Simplify the trigonometric expression.
sin^2 theta / 1-cos theta
A. 1+cos theta
B. sin theta
C. 1-sin theta / cos theta
D. 1+sin theta / cos theta
1+cosθ
The expression as is when evaluated according to the BEDMAS rules would be equal to:
sin2θ - cosθ
since the division is done before the subtraction.
The expression should have been written
sin2θ/(1-cosθ)
in which case
= (1-cos2θ)/(1-cosθ)
=(1+cosθ)(1-cosθ)/(1-cosθ)
=1+cosθ
if θ≠2nπ, where n is an integer.
merci beaucoup
so wuts the answer
Well, let me put on my math clown shoes and tackle this expression!
To simplify sin^2 theta / (1 - cos theta), we can start by using the Pythagorean identity sin^2 theta + cos^2 theta = 1.
Since we want to work with only sin and cos, let's rewrite cos^2 theta as 1 - sin^2 theta using the Pythagorean identity.
Now, the expression becomes sin^2 theta / (1 - (1 - sin^2 theta)).
Simplifying further, we get sin^2 theta / (1 - 1 + sin^2 theta).
The numerator and denominator cancel out, leaving us with sin^2 theta / sin^2 theta.
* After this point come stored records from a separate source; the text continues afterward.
lemma inner_matrix_mult_left:
  "inner ((A::real^'n^'m) ** X) (Y::real^'r^'m) = inner X (transpose A ** Y)"
proof -
  have "inner (A ** X) Y = (\<Sum>i\<in>UNIV. \<Sum>k\<in>UNIV. \<Sum>j\<in>UNIV. A$i$j * X$j$k * Y$i$k)"
    by (simp add: inner_vec_def matrix_matrix_mult_def sum_distrib_right)
  also have "\<dots> = (\<Sum>i\<in>UNIV. \<Sum>j\<in>UNIV. \<Sum>k\<in>UNIV. A$i$j * X$j$k * Y$i$k)"
    by (rule sum.cong[OF refl], rule sum.swap)
  also have "\<dots> = (\<Sum>j\<in>UNIV. \<Sum>i\<in>UNIV. \<Sum>k\<in>UNIV. A$i$j * X$j$k * Y$i$k)"
    by (rule sum.swap)
  also have "\<dots> = (\<Sum>j\<in>UNIV. \<Sum>k\<in>UNIV. \<Sum>i\<in>UNIV. A$i$j * X$j$k * Y$i$k)"
    by (rule sum.cong[OF refl], rule sum.swap)
  also have "\<dots> = inner X (transpose A ** Y)"
    by (simp add: inner_vec_def matrix_matrix_mult_def transpose_def sum_distrib_left mult_ac)
  finally show ?thesis .
qed

lemma matrix_diff_ldistrib: "(C::real^'n^'m) ** (A - B) = C ** A - C ** B"
  by (simp add: matrix_matrix_mult_def vec_eq_iff sum_subtractf[symmetric] right_diff_distrib)

lemma matrix_scaleR_ldistrib: "(C::real^'n^'m) ** (c *\<^sub>R A) = c *\<^sub>R (C ** A)"
  by (simp add: matrix_matrix_mult_def vec_eq_iff sum_distrib_left mult_ac)

lemma bounded_linear_matrix_mult_left: "bounded_linear (\<lambda>Z::real^'r^'n. (C::real^'n^'m) ** Z)"
  by (intro linear_conv_bounded_linear[THEN iffD1] linearI)
    (simp_all add: matrix_add_ldistrib matrix_scaleR_ldistrib)

lemma matrix_mult_row: "((C::real^'n^'m) ** Z) $ i = (\<Sum>j\<in>UNIV. C$i$j *\<^sub>R Z$j)"
  by (simp add: matrix_matrix_mult_def vec_eq_iff)

lemma norm_squared_rows: "(norm (x::real^'r^'n))\<^sup>2 = (\<Sum>i\<in>UNIV. (norm (x$i))\<^sup>2)"
  by (simp add: power2_norm_eq_inner inner_vec_def)

lemma row_sum_le_inf_norm: "(\<Sum>j\<in>UNIV. \<bar>C$i$j\<bar>) \<le> inf_norm C"
  unfolding inf_norm_def by (rule Max_ge) auto

lemma inf_norm_nonneg: "0 \<le> inf_norm C"
  by (rule order_trans[OF _ row_sum_le_inf_norm]) (simp add: sum_nonneg)

lemma norm_matrix_mult_row_le:
  assumes "\<And>j. norm (Z$j) \<le> m"
  shows "norm (((C::real^'n^'n) ** (Z::real^'r^'n))$i) \<le> inf_norm C * m"
proof -
  have "norm ((C ** Z)$i) \<le> (\<Sum>j\<in>UNIV. \<bar>C$i$j\<bar> * m)"
    unfolding matrix_mult_row
    by (rule order_trans[OF norm_sum sum_mono]) (simp add: assms mult_left_mono)
  also have "\<dots> = (\<Sum>j\<in>UNIV. \<bar>C$i$j\<bar>) * m"
    by (simp add: sum_distrib_right)
  also have "\<dots> \<le> inf_norm C * m"
    using order_trans[OF norm_ge_zero assms] by (intro mult_right_mono row_sum_le_inf_norm)
  finally show ?thesis .
qed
And since any number divided by itself is just equal to 1, we're left with our answer:
A. 1 + cos theta.
That's the simplified expression in all its mathematical glory!
To simplify the trigonometric expression sin^2(theta) / (1 - cos(theta)), we can use one of the fundamental trigonometric identities, specifically the identity for the Pythagorean identity sin^2(theta) + cos^2(theta) = 1.
First, we'll rewrite the given expression using this identity:
sin^2(theta) / (1 - cos(theta)) = (1 - cos^2(theta)) / (1 - cos(theta))
Now, we can factor the numerator as a difference of squares:
(1 - cos^2(theta)) / (1 - cos(theta)) = [(1 - cos(theta))(1 + cos(theta))] / (1 - cos(theta))
Next, we can cancel out the common factor of (1 - cos(theta)):
[(1 - cos(theta))(1 + cos(theta))] / (1 - cos(theta)) = 1 + cos(theta)
Therefore, the simplified expression is 1 + cos(theta), and the correct answer is A.